Is there a forum for families of child SO?
TW: child related content, sex offenders, suicidal ideation
Hey
I'm looking for a support group (UK) for families of sex offenders, particularly viewing hentai images of very very young children & graphic written stories.
Adding that already away of StopSO & Lucy, one is closing their forum and one doesn't seem to be sending me the verification email.
I am not going great and keep crying and losing time, I've got several kids with him and an ex partner. My mental health has completely obliterated and I'm running on default right now, so I keep loosing whole days. I just can't remember them. And then all I do is cry.
And I think I'm supposed to leave and I said I would but I don't think it is was real photos? I chased police again because it is we heavily implied that he viewed content his daughter's age and neices age and specifically looked like them and the police man was shocked when he found out his daughter's age and what she looked like and I keep spiralling.

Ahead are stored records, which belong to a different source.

definition objA ::
  "('t \<Rightarrow> real^'d \<Rightarrow> real^'k) \<Rightarrow> (nat \<Rightarrow> real^'d) \<Rightarrow> nat
    \<Rightarrow> (real^'d \<Rightarrow> real^'k^'k) \<Rightarrow> real \<Rightarrow> 't \<Rightarrow> ereal" where
  "objA f x n M p \<theta> = ereal (1 / real n) * (\<Sum>i\<in>{1..n}. vol_ball p (M (x i)) (f \<theta> (x i)))"

definition optA ::
  "'t set \<Rightarrow> ('t \<Rightarrow> real^'d \<Rightarrow> real^'k) \<Rightarrow> (nat \<Rightarrow> real^'d) \<Rightarrow> (nat \<Rightarrow> real^'k) \<Rightarrow> nat \<Rightarrow> nat
    \<Rightarrow> (real^'d \<Rightarrow> real^'k^'k) \<Rightarrow> real \<Rightarrow> 't \<Rightarrow> bool" where
  "optA \<Theta> f x y n r M p \<theta> \<longleftrightarrow> feasA \<Theta> f x y n r M p \<theta> \<and>
     (\<forall>M' p' \<theta>'. feasA \<Theta> f x y n r M' p' \<theta>' \<longrightarrow> objA f x n M p \<theta> \<le> objA f x n M' p' \<theta>')"

definition valA ::
  "'t set \<Rightarrow> ('t \<Rightarrow> real^'d \<Rightarrow> real^'k) \<Rightarrow> (nat \<Rightarrow> real^'d) \<Rightarrow> (nat \<Rightarrow> real^'k) \<Rightarrow> nat \<Rightarrow> nat
    \<Rightarrow> ereal" where
  "valA \<Theta> f x y n r = (INF (M, p, \<theta>)\<in>{(M, p, \<theta>). feasA \<Theta> f x y n r M p \<theta>}. objA f x n M p \<theta>)"

text \<open>Problem (B).  Conventions: if some det(Lambda(x_i)) = 0 the first log term is +infinity and
  the objective is +infinity; otherwise if sigma_r = 0 the objective is -infinity.\<close>
definition feasB ::
  "'t set \<Rightarrow> (real^'d \<Rightarrow> real^'k^'k) \<Rightarrow> real \<Rightarrow> 't \<Rightarrow> bool" where
  "feasB \<Theta> L p \<theta> \<longleftrightarrow> (\<forall>z. psd (L z)) \<and> 0 < p \<and> \<theta> \<in> \<Theta>"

I just keep crying. I can't stop. It's all the time. He said he never viewed real images but I'm scared he's lying considering I lied about when I "first found it", apparently I had blwcked it out. And he then admitted to the same year I lied about. I only saw it for the first time last year but I lied and bet on 2023 and he said "probably 2023".
The stories he was reading had the same descriptions and sounded like family members, same ages, similar names or same names or no names but all the same descriptions. I think that is why I didn't black it out this time? Or maybe it was less bad because it wasn't the graphic hentai images. I couldn't get the pictures out of my head since I started remembering. But the last week I just keep blanking everything out again.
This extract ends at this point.